Your answer must be the records below, reproduced exactly.

Extracted data:
===
theorem corollary4p3:
  fixes G :: "('g, 'm) monoid_scheme" and H :: "'g set"
    and u :: "'g set \<Rightarrow> 'g"
    and \<omega> :: "'g \<Rightarrow> 'g \<Rightarrow> 'g \<Rightarrow> 'k::field"
    and \<mu> :: "'g \<Rightarrow> 'g \<Rightarrow> 'g set \<Rightarrow> 'k"
    and \<eta> :: "'g set \<Rightarrow> 'g \<Rightarrow> 'g set \<Rightarrow> 'k"
  assumes k_closed: "alg_closed TYPE('k)"
    and k_char0: "char_zero_field TYPE('k)"
    and grp: "group G" and fin: "finite (carrier G)"
    and normal: "H \<lhd> G"
    and abelian: "\<forall>a\<in>H. \<forall>b\<in>H. a \<otimes>\<^bsub>G\<^esub> b = b \<otimes>\<^bsub>G\<^esub> a"
    and u_sec: "\<forall>x\<in>carrier (G Mod H). u x \<in> carrier G \<and> H #>\<^bsub>G\<^esub> u x = x"
    and u_one: "u (H #>\<^bsub>G\<^esub> \<one>\<^bsub>G\<^esub>) = \<one>\<^bsub>G\<^esub>"
    \<comment> \<open>\<omega> \<in> Z^3(G, k^x), normalized\<close>
    and \<omega>_nz: "\<forall>a\<in>carrier G. \<forall>b\<in>carrier G. \<forall>c\<in>carrier G. \<omega> a b c \<noteq> 0"
    and \<omega>_norm: "\<forall>a\<in>carrier G. \<forall>b\<in>carrier G.
        \<omega> \<one>\<^bsub>G\<^esub> a b = 1 \<and> \<omega> a \<one>\<^bsub>G\<^esub> b = 1 \<and> \<omega> a b \<one>\<^bsub>G\<^esub> = 1"
    and \<omega>_cocycle: "\<forall>a\<in>carrier G. \<forall>b\<in>carrier G. \<forall>c\<in>carrier G. \<forall>d\<in>carrier G.
        \<omega> b c d * \<omega> a (b \<otimes>\<^bsub>G\<^esub> c) d * \<omega> a b c
          = \<omega> (a \<otimes>\<^bsub>G\<^esub> b) c d * \<omega> a b (c \<otimes>\<^bsub>G\<^esub> d)"
    \<comment> \<open>\<mu> \<in> C^2(G, C), normalized, with \<delta>\<mu> = \<omega>\<close>
    and \<mu>_nz: "\<forall>a\<in>carrier G. \<forall>b\<in>carrier G. \<forall>x\<in>carrier (G Mod H). \<mu> a b x \<noteq> 0"
    and \<mu>_norm: "\<forall>a\<in>carrier G. \<forall>x\<in>carrier (G Mod H).
        \<mu> \<one>\<^bsub>G\<^esub> a x = 1 \<and> \<mu> a \<one>\<^bsub>G\<^esub> x = 1"
    and \<mu>_cob: "\<forall>a\<in>carrier G. \<forall>b\<in>carrier G. \<forall>c\<in>carrier G. \<forall>x\<in>carrier (G Mod H).
        cob2 G H u \<mu> a b c x = \<omega> a b c"
    \<comment> \<open>\<eta>_y \<in> C^1(G, C), normalized, with \<delta>\<eta>_y = ^y\<mu>/\<mu>\<close>
    and \<eta>_nz: "\<forall>y\<in>carrier (G Mod H). \<forall>a\<in>carrier G. \<forall>x\<in>carrier (G Mod H). \<eta> y a x \<noteq> 0"
    and \<eta>_norm: "\<forall>y\<in>carrier (G Mod H). \<forall>x\<in>carrier (G Mod H). \<eta> y \<one>\<^bsub>G\<^esub> x = 1"
    and \<eta>_cob: "\<forall>y\<in>carrier (G Mod H). \<forall>a\<in>carrier G. \<forall>b\<in>carrier G. \<forall>x\<in>carrier (G Mod H).
        cob1 G H u (\<eta> y) a b x = shift2 G H y \<mu> a b x / \<mu> a b x"
  shows "(\<forall>y1\<in>carrier (G Mod H). \<forall>y2\<in>carrier (G Mod H). is_char G H (nu G H \<eta> y1 y2))
    \<and> (\<forall>y1\<in>carrier (G Mod H). \<forall>y2\<in>carrier (G Mod H). \<forall>y3\<in>carrier (G Mod H). \<forall>h\<in>H.
         nu G H \<eta> y2 y3 h / nu G H \<eta> (y1 \<otimes>\<^bsub>G Mod H\<^esub> y2) y3 h
         * nu G H \<eta> y1 (y2 \<otimes>\<^bsub>G Mod H\<^esub> y3) h / char_act G u (nu G H \<eta> y1 y2) y3 h = 1)"
proof -
  \<comment> \<open>Only the section properties of \<open>u\<close>, the nonvanishing of \<open>\<mu>\<close> and \<open>\<eta>\<close> and the
    equation \<open>\<delta>\<eta>\<^sub>y = \<^sup>y\<mu>/\<mu>\<close> are used.\<close>
  interpret N: normal H G by (rule normal)
  have "H #>\<^bsub>G\<^esub> \<one>\<^bsub>G\<^esub> = H"
    using N.subset by simp
  then interpret shift_coboundary H G u \<mu> \<eta>
    using u_sec u_one \<mu>_nz \<eta>_nz \<eta>_cob by unfold_locales auto
  show ?thesis
    using is_char_nu nu_cocycle by blast
qed

end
===
Your solution:
theorem corollary4p3:
  fixes G :: "('g, 'm) monoid_scheme" and H :: "'g set"
    and u :: "'g set \<Rightarrow> 'g"
    and \<omega> :: "'g \<Rightarrow> 'g \<Rightarrow> 'g \<Rightarrow> 'k::field"
    and \<mu> :: "'g \<Rightarrow> 'g \<Rightarrow> 'g set \<Rightarrow> 'k"
    and \<eta> :: "'g set \<Rightarrow> 'g \<Rightarrow> 'g set \<Rightarrow> 'k"
  assumes k_closed: "alg_closed TYPE('k)"
    and k_char0: "char_zero_field TYPE('k)"
    and grp: "group G" and fin: "finite (carrier G)"
    and normal: "H \<lhd> G"
    and abelian: "\<forall>a\<in>H. \<forall>b\<in>H. a \<otimes>\<^bsub>G\<^esub> b = b \<otimes>\<^bsub>G\<^esub> a"
    and u_sec: "\<forall>x\<in>carrier (G Mod H). u x \<in> carrier G \<and> H #>\<^bsub>G\<^esub> u x = x"
    and u_one: "u (H #>\<^bsub>G\<^esub> \<one>\<^bsub>G\<^esub>) = \<one>\<^bsub>G\<^esub>"
    \<comment> \<open>\<omega> \<in> Z^3(G, k^x), normalized\<close>
    and \<omega>_nz: "\<forall>a\<in>carrier G. \<forall>b\<in>carrier G. \<forall>c\<in>carrier G. \<omega> a b c \<noteq> 0"
    and \<omega>_norm: "\<forall>a\<in>carrier G. \<forall>b\<in>carrier G.
        \<omega> \<one>\<^bsub>G\<^esub> a b = 1 \<and> \<omega> a \<one>\<^bsub>G\<^esub> b = 1 \<and> \<omega> a b \<one>\<^bsub>G\<^esub> = 1"
    and \<omega>_cocycle: "\<forall>a\<in>carrier G. \<forall>b\<in>carrier G. \<forall>c\<in>carrier G. \<forall>d\<in>carrier G.
        \<omega> b c d * \<omega> a (b \<otimes>\<^bsub>G\<^esub> c) d * \<omega> a b c
          = \<omega> (a \<otimes>\<^bsub>G\<^esub> b) c d * \<omega> a b (c \<otimes>\<^bsub>G\<^esub> d)"
    \<comment> \<open>\<mu> \<in> C^2(G, C), normalized, with \<delta>\<mu> = \<omega>\<close>
    and \<mu>_nz: "\<forall>a\<in>carrier G. \<forall>b\<in>carrier G. \<forall>x\<in>carrier (G Mod H). \<mu> a b x \<noteq> 0"
    and \<mu>_norm: "\<forall>a\<in>carrier G. \<forall>x\<in>carrier (G Mod H).
        \<mu> \<one>\<^bsub>G\<^esub> a x = 1 \<and> \<mu> a \<one>\<^bsub>G\<^esub> x = 1"
    and \<mu>_cob: "\<forall>a\<in>carrier G. \<forall>b\<in>carrier G. \<forall>c\<in>carrier G. \<forall>x\<in>carrier (G Mod H).
        cob2 G H u \<mu> a b c x = \<omega> a b c"
    \<comment> \<open>\<eta>_y \<in> C^1(G, C), normalized, with \<delta>\<eta>_y = ^y\<mu>/\<mu>\<close>
    and \<eta>_nz: "\<forall>y\<in>carrier (G Mod H). \<forall>a\<in>carrier G. \<forall>x\<in>carrier (G Mod H). \<eta> y a x \<noteq> 0"
    and \<eta>_norm: "\<forall>y\<in>carrier (G Mod H). \<forall>x\<in>carrier (G Mod H). \<eta> y \<one>\<^bsub>G\<^esub> x = 1"
    and \<eta>_cob: "\<forall>y\<in>carrier (G Mod H). \<forall>a\<in>carrier G. \<forall>b\<in>carrier G. \<forall>x\<in>carrier (G Mod H).
        cob1 G H u (\<eta> y) a b x = shift2 G H y \<mu> a b x / \<mu> a b x"
  shows "(\<forall>y1\<in>carrier (G Mod H). \<forall>y2\<in>carrier (G Mod H). is_char G H (nu G H \<eta> y1 y2))
    \<and> (\<forall>y1\<in>carrier (G Mod H). \<forall>y2\<in>carrier (G Mod H). \<forall>y3\<in>carrier (G Mod H). \<forall>h\<in>H.
         nu G H \<eta> y2 y3 h / nu G H \<eta> (y1 \<otimes>\<^bsub>G Mod H\<^esub> y2) y3 h
         * nu G H \<eta> y1 (y2 \<otimes>\<^bsub>G Mod H\<^esub> y3) h / char_act G u (nu G H \<eta> y1 y2) y3 h = 1)"
proof -
  \<comment> \<open>Only the section properties of \<open>u\<close>, the nonvanishing of \<open>\<mu>\<close> and \<open>\<eta>\<close> and the
    equation \<open>\<delta>\<eta>\<^sub>y = \<^sup>y\<mu>/\<mu>\<close> are used.\<close>
  interpret N: normal H G by (rule normal)
  have "H #>\<^bsub>G\<^esub> \<one>\<^bsub>G\<^esub> = H"
    using N.subset by simp
  then interpret shift_coboundary H G u \<mu> \<eta>
    using u_sec u_one \<mu>_nz \<eta>_nz \<eta>_cob by unfold_locales auto
  show ?thesis
    using is_char_nu nu_cocycle by blast
qed

end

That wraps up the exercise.